**YOUR INSTRUCTIONS**
Copy out all lines from the material that contain the string "degree".

[RECORDED DATA Boundary: Start]

lemma finite_supp_conv:
  assumes "finite (supp_fun f)" "finite (supp_fun g)"
  shows "finite (supp_fun (conv f g))"
proof (rule finite_subset)
  show "supp_fun (conv f g) \<subseteq> (\<lambda>(s, t). s + t) ` (supp_fun f \<times> supp_fun g)"
  proof
    fix u assume "u \<in> supp_fun (conv f g)"
    then have "(\<Sum>s\<in>supp_fun f. f s * g (u - s)) \<noteq> 0" by (simp add: supp_fun_def conv_def)
    then obtain s where "s \<in> supp_fun f" "f s * g (u - s) \<noteq> 0" by (meson sum.neutral)
    then have "(s, u - s) \<in> supp_fun f \<times> supp_fun g" by (auto simp: supp_fun_def)
    then show "u \<in> (\<lambda>(s, t). s + t) ` (supp_fun f \<times> supp_fun g)" by force
  qed
qed (use assms in simp)

lemma vanishes_outside_monoid: "f \<in> carrier (monoid_algebra M) \<Longrightarrow> x \<notin> M \<Longrightarrow> f x = 0"
  by (auto simp: carrier_monoid_algebra supp_fun_def)

context
  fixes a :: rat and M :: "rat set"
  assumes pos: "0 < a" and M_eq: "M = range (\<lambda>n. of_nat n * a)"
begin

lemma coeff_ma_to_poly:
  assumes "finite (supp_fun f)"
  shows "Polynomial.coeff (ma_to_poly a f) = (\<lambda>n. f (of_nat n * a))"
proof -
  have "inj (\<lambda>n::nat. of_nat n * a)" using pos by (auto simp: inj_def)
  then have "finite ((\<lambda>n::nat. of_nat n * a) -` supp_fun f)"
    using finite_vimageI assms by blast
  then obtain N where "\<forall>i\<in>(\<lambda>n::nat. of_nat n * a) -` supp_fun f. i < N"
    by (auto simp: finite_nat_set_iff_bounded)
  then have "f (of_nat i * a) = 0" if "i > N" for i
    using that by (auto simp: supp_fun_def)
  then show ?thesis unfolding ma_to_poly_def by (rule coeff_Abs_poly)
qed

lemma ma_to_poly_conv:
  assumes f: "f \<in> carrier (monoid_algebra M)" and g: "g \<in> carrier (monoid_algebra M)"
  shows "ma_to_poly a (conv f g) = ma_to_poly a f * ma_to_poly a (g :: rat \<Rightarrow> 'a::field)"
proof (rule poly_eqI)
  fix k
  let ?e = "\<lambda>n::nat. of_nat n * a"
  let ?I = "{i. f (?e i) \<noteq> 0}"
  let ?F = "\<lambda>i. f (?e i) * g (?e k - ?e i)"
  have fin: "finite (supp_fun f)" "finite (supp_fun g)" using f g by (auto simp: carrier_monoid_algebra)
  have inj: "inj ?e" using pos by (auto simp: inj_def)
  have supp_f: "supp_fun f = ?e ` ?I"
    using f M_eq by (auto simp: carrier_monoid_algebra supp_fun_def)
  have fin_I: "finite ?I" using finite_vimageI[OF fin(1) inj] by (simp add: supp_fun_def vimage_def)
  have "Polynomial.coeff (ma_to_poly a (conv f g)) k = (\<Sum>s\<in>supp_fun f. f s * g (?e k - s))"
    using coeff_ma_to_poly[OF finite_supp_conv[OF fin]] by (simp add: conv_def)
  also have "\<dots> = (\<Sum>i\<in>?I. ?F i)"
    unfolding supp_f by (simp add: sum.reindex inj_on_subset[OF inj])
  also have "\<dots> = (\<Sum>i\<le>k. ?F i)"
  proof (rule sum.mono_neutral_cong)
    show "?F i = 0" if "i \<in> {..k} - ?I" for i using that by simp
    show "?F i = 0" if "i \<in> ?I - {..k}" for i
    proof -
      from that have "?e k - ?e i < 0" using pos by (simp add: mult_strict_right_mono)
      moreover have "0 \<le> x" if "x \<in> M" for x using that M_eq pos by auto
      ultimately have "?e k - ?e i \<notin> M" by fastforce
      then show ?thesis using vanishes_outside_monoid[OF g] by simp
    qed
  qed (use fin_I in auto)
  also have "\<dots> = (\<Sum>i\<le>k. Polynomial.coeff (ma_to_poly a f) i * Polynomial.coeff (ma_to_poly a g) (k - i))"
    by (rule sum.cong) (auto simp: coeff_ma_to_poly fin of_nat_diff left_diff_distrib)
  also have "\<dots> = Polynomial.coeff (ma_to_poly a f * ma_to_poly a g) k"
    by (simp add: coeff_mult)
  finally show "Polynomial.coeff (ma_to_poly a (conv f g)) k = Polynomial.coeff (ma_to_poly a f * ma_to_poly a g) k" .
qed

lemma ma_to_poly_add:
  assumes "finite (supp_fun f)" "finite (supp_fun g)"
  shows "ma_to_poly a (\<lambda>s. f s + g s) = ma_to_poly a f + ma_to_poly a (g :: rat \<Rightarrow> 'a::field)"
proof -
  have "finite (supp_fun (\<lambda>s. f s + g s))"
    by (rule finite_subset[of _ "supp_fun f \<union> supp_fun g"]) (use assms in \<open>auto simp: supp_fun_def\<close>)
  then show ?thesis by (simp add: poly_eq_iff coeff_ma_to_poly assms)
qed

lemma ma_to_poly_ma_monom_0: "ma_to_poly a (ma_monom c 0) = [:c:]"
proof -
  have "Polynomial.coeff (ma_to_poly a (ma_monom c 0)) = (\<lambda>n. ma_monom c 0 (of_nat n * a))"
    by (rule coeff_ma_to_poly) (simp add: supp_ma_monom)
  then have "Polynomial.coeff (ma_to_poly a (ma_monom c 0)) n = Polynomial.coeff [:c:] n" for n
    using pos by (cases n) (simp_all add: ma_monom_def)
  then show ?thesis by (simp add: poly_eq_iff)
qed

lemma inj_on_ma_to_poly: "inj_on (ma_to_poly a) (carrier (monoid_algebra M :: (rat \<Rightarrow> 'a::field) ring))"
proof
  fix f g :: "rat \<Rightarrow> 'a"
  assume f: "f \<in> carrier (monoid_algebra M)" and g: "g \<in> carrier (monoid_algebra M)"
    and eq: "ma_to_poly a f = ma_to_poly a g"
  have "f s = g s" for s
  proof (cases "s \<in> M")
    case True
    then obtain n where "s = of_nat n * a" using M_eq by blast
    then show ?thesis
      using arg_cong[OF eq, of "\<lambda>p. Polynomial.coeff p n"] f g
      by (simp add: coeff_ma_to_poly carrier_monoid_algebra)
  qed (simp add: vanishes_outside_monoid[OF f] vanishes_outside_monoid[OF g])
  then show "f = g" ..
qed

lemma in_image_ma_to_poly: "(p :: 'a::field poly) \<in> ma_to_poly a ` carrier (monoid_algebra M)"
proof -
  let ?e = "\<lambda>n::nat. of_nat n * a"
  define f :: "rat \<Rightarrow> 'a" where "f = (\<lambda>s. if s \<in> M then Polynomial.coeff p (nat \<lfloor>s / a\<rfloor>) else 0)"
  have f_e: "f (?e n) = Polynomial.coeff p n" for n
    using pos M_eq by (auto simp: f_def)
  have "supp_fun f \<subseteq> ?e ` {..Polynomial.degree p}"
  proof
    fix s assume s: "s \<in> supp_fun f"
    then obtain n where n: "s = ?e n" using M_eq by (auto simp: supp_fun_def f_def split: if_splits)
    then have "n \<le> Polynomial.degree p" using s f_e by (auto simp: supp_fun_def intro: le_degree)
    then show "s \<in> ?e ` {..Polynomial.degree p}" using n by blast
  qed
  then have "finite (supp_fun f)" by (rule finite_subset) simp
  moreover have "supp_fun f \<subseteq> M" by (auto simp: supp_fun_def f_def split: if_splits)
  ultimately have "f \<in> carrier (monoid_algebra M)" by (simp add: carrier_monoid_algebra)
  moreover have "ma_to_poly a f = p"
    using \<open>finite (supp_fun f)\<close> by (simp add: poly_eq_iff coeff_ma_to_poly f_e)
  ultimately show ?thesis by blast
qed

lemma ma_to_poly_in_alg_iso_MX: "(ma_to_poly a :: (rat \<Rightarrow> 'a::field) \<Rightarrow> 'a poly) \<in> alg_iso_MX M"
proof -
  let ?R = "monoid_algebra M :: (rat \<Rightarrow> 'a) ring"
  have "ma_to_poly a \<in> ring_hom ?R poly_ring"
  proof (rule ring_hom_memI)
    fix x y assume "x \<in> carrier ?R" "y \<in> carrier ?R"
    then show "ma_to_poly a (x \<otimes>\<^bsub>?R\<^esub> y) = ma_to_poly a x \<otimes>\<^bsub>poly_ring\<^esub> ma_to_poly a y"
      and "ma_to_poly a (x \<oplus>\<^bsub>?R\<^esub> y) = ma_to_poly a x \<oplus>\<^bsub>poly_ring\<^esub> ma_to_poly a y"
      by (simp_all add: monoid_algebra_simps poly_ring_def ma_to_poly_conv ma_to_poly_add carrier_monoid_algebra)
  qed (simp_all add: poly_ring_def monoid_algebra_simps ma_to_poly_ma_monom_0 one_pCons)
  moreover have "ma_to_poly a ` carrier ?R = carrier poly_ring"
    using in_image_ma_to_poly by (auto simp: poly_ring_def)
  ultimately show ?thesis
    using inj_on_ma_to_poly
    by (simp add: alg_iso_MX_def ring_iso_def bij_betw_def poly_ring_def ma_const_eq_ma_monom ma_to_poly_ma_monom_0)
qed

end

lemma alg_iso_MM_via_poly_ring:
  fixes \<phi> \<psi> :: "(rat \<Rightarrow> 'a::field) \<Rightarrow> 'a poly"
  assumes R': "ring (monoid_algebra M' :: (rat \<Rightarrow> 'a) ring)" and "0 \<in> M'"
    and \<phi>: "\<phi> \<in> alg_iso_MX M" and \<psi>: "\<psi> \<in> alg_iso_MX M'"
  shows "inv_into (carrier (monoid_algebra M')) \<psi> \<circ> \<phi> \<in> alg_iso_MM M M'"
proof -
  have iso: "\<phi> \<in> ring_iso (monoid_algebra M) poly_ring" "\<psi> \<in> ring_iso (monoid_algebra M') poly_ring"
    using \<phi> \<psi> by (simp_all add: alg_iso_MX_def)
  have "inv_into (carrier (monoid_algebra M')) \<psi> (\<phi> (ma_const c)) = ma_const c" for c
  proof -
    have "ma_const c \<in> carrier (monoid_algebra M')"
      using \<open>0 \<in> M'\<close> by (simp add: ma_const_eq_ma_monom ma_monom_in_carrier_iff)
    moreover have "inj_on \<psi> (carrier (monoid_algebra M'))"
      using iso(2) by (simp add: ring_iso_def bij_betw_def)
    moreover have "\<phi> (ma_const c) = \<psi> (ma_const c)"
      using \<phi> \<psi> by (simp add: alg_iso_MX_def)
    ultimately show ?thesis by simp
  qed
  then show ?thesis
    using ring_iso_set_trans[OF iso(1) ring_iso_set_sym[OF R' iso(2)]] by (simp add: alg_iso_MM_def)
qed

theorem mainTheorem9:
  fixes M M' :: "rat set"
  assumes "puiseux_monoid M" and "puiseux_monoid M'"
    and "M \<noteq> {0}" and "M' \<noteq> {0}"
    and "half_factorial (monoid_algebra M :: (rat \<Rightarrow> 'a::field) ring)"
    and "half_factorial (monoid_algebra M' :: (rat \<Rightarrow> 'a) ring)"
  shows "(alg_iso_MM M M' :: ((rat \<Rightarrow> 'a) \<Rightarrow> (rat \<Rightarrow> 'a)) set) \<noteq> {}
       \<and> (alg_iso_MX M :: ((rat \<Rightarrow> 'a) \<Rightarrow> 'a poly) set) \<noteq> {}
       \<and> (alg_iso_MX M' :: ((rat \<Rightarrow> 'a) \<Rightarrow> 'a poly) set) \<noteq> {}"
proof -
  obtain a where "0 < a" "M = range (\<lambda>n. of_nat n * a)"
    using half_factorial_imp_multiples[OF assms(1,3,5)] by blast
  then have \<phi>: "(ma_to_poly a :: (rat \<Rightarrow> 'a) \<Rightarrow> 'a poly) \<in> alg_iso_MX M"
    by (rule ma_to_poly_in_alg_iso_MX)
  obtain b where "0 < b" "M' = range (\<lambda>n. of_nat n * b)"
    using half_factorial_imp_multiples[OF assms(2,4,6)] by blast
  then have \<psi>: "(ma_to_poly b :: (rat \<Rightarrow> 'a) \<Rightarrow> 'a poly) \<in> alg_iso_MX M'"
    by (rule ma_to_poly_in_alg_iso_MX)
  have "ring (monoid_algebra M' :: (rat \<Rightarrow> 'a) ring)"
    using assms(6) by (simp add: half_factorial_def atomic_domain_def domain.axioms(1) cring.axioms(1))
  moreover have "0 \<in> M'" using assms(2) by (simp add: puiseux_monoid_def)
  ultimately show ?thesis
    using alg_iso_MM_via_poly_ring[OF _ _ \<phi> \<psi>] \<phi> \<psi> by blast
qed

end
lemma card_invariant_matchings_through:
  assumes f: "fp_free_involution s V" and eV: "e \<subseteq> V" and ce: "card e = 2"
    and alt: "s ` e = e \<or> s ` e \<inter> e = {}"
  shows "card {M \<in> invariant_matchings s V. e \<in> M}
       = card (invariant_matchings s (V - (e \<union> s ` e)))"
proof (rule bij_betw_same_card[of "\<lambda>M. M - {e, s ` e}"],
       rule bij_betw_byWitness[where f' = "\<lambda>N. insert e (insert (s ` e) N)"])
  let ?S = "\<lambda>d. s ` d" and ?W = "V - (e \<union> s ` e)"
  have ssd: "s ` s ` d = d" if "d \<subseteq> V" for d
    using fp_free_involution_image_image[OF f that] .
  have seV: "s ` e \<subseteq> V" using f eV unfolding fp_free_involution_def by blast
  have "inj_on s e"
    using f eV unfolding fp_free_involution_def inj_on_def by (metis subsetD)
  then have cse: "card (s ` e) = 2" using ce by (simp add: card_image)
  have ne: "e \<noteq> {}" "s ` e \<noteq> {}" using ce cse by auto
  show "\<forall>M\<in>{M \<in> invariant_matchings s V. e \<in> M}. insert e (insert (s ` e) (M - {e, s ` e})) = M"
  proof clarify
    fix M assume "M \<in> invariant_matchings s V" "e \<in> M"
    then have "s ` e \<in> M" by (metis (mono_tags, lifting) image_eqI invariant_matchings_def mem_Collect_eq)
    then show "insert e (insert (s ` e) (M - {e, s ` e})) = M" using \<open>e \<in> M\<close> by blast
  qed
  show "\<forall>N\<in>invariant_matchings s ?W. insert e (insert (s ` e) N) - {e, s ` e} = N"
  proof
    fix N assume "N \<in> invariant_matchings s ?W"
    then have pm: "perfect_matching ?W N" by (simp add: invariant_matchings_def)
    have "e \<notin> N" "s ` e \<notin> N" using pm_edgeD[OF pm] ne by auto
    then show "insert e (insert (s ` e) N) - {e, s ` e} = N" by blast
  qed
  show "(\<lambda>M. M - {e, s ` e}) ` {M \<in> invariant_matchings s V. e \<in> M} \<subseteq> invariant_matchings s ?W"
  proof (rule image_subsetI, clarify)
    fix M assume M: "M \<in> invariant_matchings s V" "e \<in> M"
    then have pm: "perfect_matching V M" and inv: "?S ` M = M"
      by (simp_all add: invariant_matchings_def)
    then have "s ` e \<in> M" using \<open>e \<in> M\<close> by (metis image_eqI)
    have "?S ` (M - {e, s ` e}) = M - {e, s ` e}"
    proof (rule involution_image_Diff[OF _ inv])
      show "s ` s ` d = d" if "d \<in> M" for d using ssd pm_edgeD[OF pm that] by blast
      show "{e, s ` e} \<subseteq> M" using \<open>e \<in> M\<close> \<open>s ` e \<in> M\<close> by blast
      show "?S ` {e, s ` e} = {e, s ` e}" using ssd[OF eV] by auto
    qed
    then show "M - {e, s ` e} \<in> invariant_matchings s ?W"
      using pm_remove_edges[OF pm \<open>e \<in> M\<close> \<open>s ` e \<in> M\<close>] unfolding invariant_matchings_def by blast
  qed
  show "(\<lambda>N. insert e (insert (s ` e) N)) ` invariant_matchings s ?W
      \<subseteq> {M \<in> invariant_matchings s V. e \<in> M}"
  proof (rule image_subsetI)
    fix N assume "N \<in> invariant_matchings s ?W"
    then have pm: "perfect_matching ?W N" and inv: "?S ` N = N"
      by (simp_all add: invariant_matchings_def)
    have "perfect_matching (?W \<union> e \<union> s ` e) (insert e (insert (s ` e) N))"
      using alt by (intro pm_insert_edges[OF pm ce cse]) auto
    moreover have "?W \<union> e \<union> s ` e = V" using eV seV by blast
    moreover have "?S ` insert e (insert (s ` e) N) = insert e (insert (s ` e) N)"
      using inv ssd[OF eV] by (simp add: insert_commute)
    ultimately show "insert e (insert (s ` e) N) \<in> {M \<in> invariant_matchings s V. e \<in> M}"
      by (simp add: invariant_matchings_def)
  qed
qed
text \<open>Reading an allowed value keeps the state recording: the counter of the class of x
  advances exactly when x is its next expected value, and x cannot be a later one.\<close>
lemma records_snoc:
  assumes D: "distinct (concat vs)" and rec: "records vs p y" and ok: "allowed vs p x"
  shows "records vs (p @ [x]) (next_state vs x y)"
  unfolding records_def
proof (intro conjI allI impI)
  show "length (next_state vs x y) = length vs" by simp
  fix j assume j: "j < length vs"
  have dj: "distinct (vs ! j)" using distinct_class[OF D j] .
  have yj: "y ! j \<le> length (vs ! j)"
    and seen: "\<And>k. k < length (vs ! j) \<Longrightarrow> vs ! j ! k \<in> set p \<longleftrightarrow> k < y ! j"
    using rec j unfolding records_def by auto
  have no_skip: "x \<noteq> vs ! j ! k" if "Suc (y ! j) \<le> k" "k < length (vs ! j)" for k
    using state_admits_iff_allowed[OF rec, of x] ok j that unfolding state_admits_def by blast
  have step: "next_state vs x y ! j =
      (if y ! j < length (vs ! j) \<and> x = vs ! j ! (y ! j) then Suc (y ! j) else y ! j)"
    using j by (rule next_state_nth)
  show "next_state vs x y ! j \<le> length (vs ! j)" using step yj by auto
  fix k assume k: "k < length (vs ! j)"
  show "vs ! j ! k \<in> set (p @ [x]) \<longleftrightarrow> k < next_state vs x y ! j"
  proof (cases "y ! j < length (vs ! j) \<and> x = vs ! j ! (y ! j)")
    case True
    have "vs ! j ! k = x \<longleftrightarrow> k = y ! j" using dj k True by (simp add: nth_eq_iff_index_eq)
    then show ?thesis using True step seen[OF k] by auto
  next
    case no_advance: False
    have "x \<noteq> vs ! j ! k \<or> k < y ! j"
    proof (cases "k < y ! j")
      case False
      then have "k = y ! j \<or> Suc (y ! j) \<le> k" by auto
      then show ?thesis using no_skip[of k] k no_advance by auto
    qed simp
    then show ?thesis using no_advance step seen[OF k] by auto
  qed
qed
lemma cinner_n_scale: "cinner_n n (\<lambda>k. a * u k) (\<lambda>k. b * v k) = cnj a * b * cinner_n n u v"
  by (simp add: cinner_n_scale_left cinner_n_scale_right)

lemma cinner_n_diff_left: "cinner_n n (\<lambda>k. x k - y k) v = cinner_n n x v - cinner_n n y v"
  by (simp add: cinner_n_def algebra_simps sum_subtractf)

lemma cinner_n_diff_right: "cinner_n n v (\<lambda>k. x k - y k) = cinner_n n v x - cinner_n n v y"
  by (simp add: cinner_n_def algebra_simps sum_subtractf)

lemma cinner_n_commute: "cinner_n n v u = cnj (cinner_n n u v)"
  by (simp add: cinner_n_def mult.commute)

lemma Re_cinner_n_self_nonneg: "0 \<le> Re (cinner_n n x x)"
  by (simp add: cinner_n_def sum_nonneg)

lemma cinner_n_of_real:
  "cinner_n n (\<lambda>k. of_real (f k)) (\<lambda>k. of_real (g k)) = of_real (rinner_n n f g)"
  by (simp add: cinner_n_def rinner_n_def)

lemma cinner_n_unit_Cauchy_Schwarz:
  assumes "cinner_n n u u = 1" "cinner_n n v v = 1"
  shows "(cmod (cinner_n n u v))\<^sup>2 \<le> 1"
proof -
  define c where "c = cinner_n n u v"
  define x where "x = (\<lambda>k. v k - c * u k)"
  have "cinner_n n x x = cinner_n n v v - c * cinner_n n v u - cnj c * cinner_n n u v
      + cnj c * c * cinner_n n u u"
    unfolding x_def cinner_n_diff_left cinner_n_diff_right cinner_n_scale
      cinner_n_scale_left cinner_n_scale_right
    by (simp add: algebra_simps)
  also have "\<dots> = 1 - cnj c * c"
    using assms by (simp add: cinner_n_commute[of n v u] c_def)
  also have "cnj c * c = of_real ((cmod c)\<^sup>2)"
    using complex_norm_square[of c] by (simp add: mult.commute)
  finally have "Re (cinner_n n x x) = 1 - (cmod c)\<^sup>2"
    by simp
  with Re_cinner_n_self_nonneg[of n x] show ?thesis
    unfolding c_def by simp
qed
(* Let $\Phi$ be a second-order constraint problem and $J$ an interpretation of the index symbols. (1) Soundness: if $J\models\mathrm{sk}(\Phi)$, then $(J,\xi_{sk})$ is a model of $\Phi$. (2) Completeness: if $(J,\xi)$ is a model of $\Phi$ for some second-order substitution $\xi$, then $J'\models\mathrm{sk}(\Phi)$ for some interpretation $J'$ extending $J$ to the skolem functions $f_\alpha$.
   Context: Index terms over index variables $i$ and index symbols $g$ (including $0,\mathsf s,+$); an interpretation $J$ maps each $k$-ary $g$ to a total weakly monotone function $\mathbb N^k\to\mathbb N$ ($0,\mathsf s,+$ standard); $a\le_J b$ iff $[a]^\beta_J\le[b]^\beta_J$ for every assignment $\beta$. Second-order index terms: $a::=i\mid\alpha\mid g(a_1,\dots,a_{\mathrm{ar}(g)})$ with $\alpha$ second-order index variables; $\mathrm{Var}(a)$ and $\mathrm{SOVar}(a)$ are the sets of first- and second-order variables of $a$. An SOCP $\Phi$ is a set of inequalities $a\le b$ and occurrence constraints $i\notin\alpha$. A second-order substitution $\xi$ maps second-order variables to index terms without second-order variables. $(J,\xi)$ is a model of $\Phi$ if $a\xi\le_J b\xi$ for all inequalities and $i\notin\mathrm{Var}(\xi(\alpha))$ for all occurrence constraints in $\Phi$. A first-order constraint problem (FOCP) is a set of inequalities without second-order variables; $J\models\Psi$ means $a\le_J b$ for all $(a\le b)\in\Psi$. Skolemisation: let $V(\beta)$ (for second-order variables $\beta$ of $\Phi$) be the least sets with, for every $(a\le b)\in\Phi$ such that $\beta\in\mathrm{SOVar}(b)$, $\mathrm{Var}(a)\subseteq V(\beta)$ and $V(\alpha)\subseteq V(\beta)$ for each $\alpha\in\mathrm{SOVar}(a)$; set $\mathrm{SV}(\beta)=V(\beta)\setminus\{i\mid(i\notin\beta)\in\Phi\}$. For each second-order variable $\alpha$ of $\Phi$ let $f_\alpha$ be a fresh index symbol of arity $|\mathrm{SV}(\alpha)|$; the skolem substitution is $\xi_{sk}(\alpha)=f_\alpha(i_1,\dots,i_k)$ where $\mathrm{SV}(\alpha)=\{i_1,\dots,i_k\}$ (in a fixed order). The skolemisation of $\Phi$ is the FOCP $\mathrm{sk}(\Phi)=\{a\xi_{sk}\le b\xi_{sk}\mid(a\le b)\in\Phi\}$. *)

theory Defs
  imports Main
begin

[RECORDED DATA Boundary: End]

**PROBLEM SOLUTION**
  have "supp_fun f \<subseteq> ?e ` {..Polynomial.degree p}"
    then have "n \<le> Polynomial.degree p" using s f_e by (auto simp: supp_fun_def intro: le_degree)
    then show "s \<in> ?e ` {..Polynomial.degree p}" using n by blast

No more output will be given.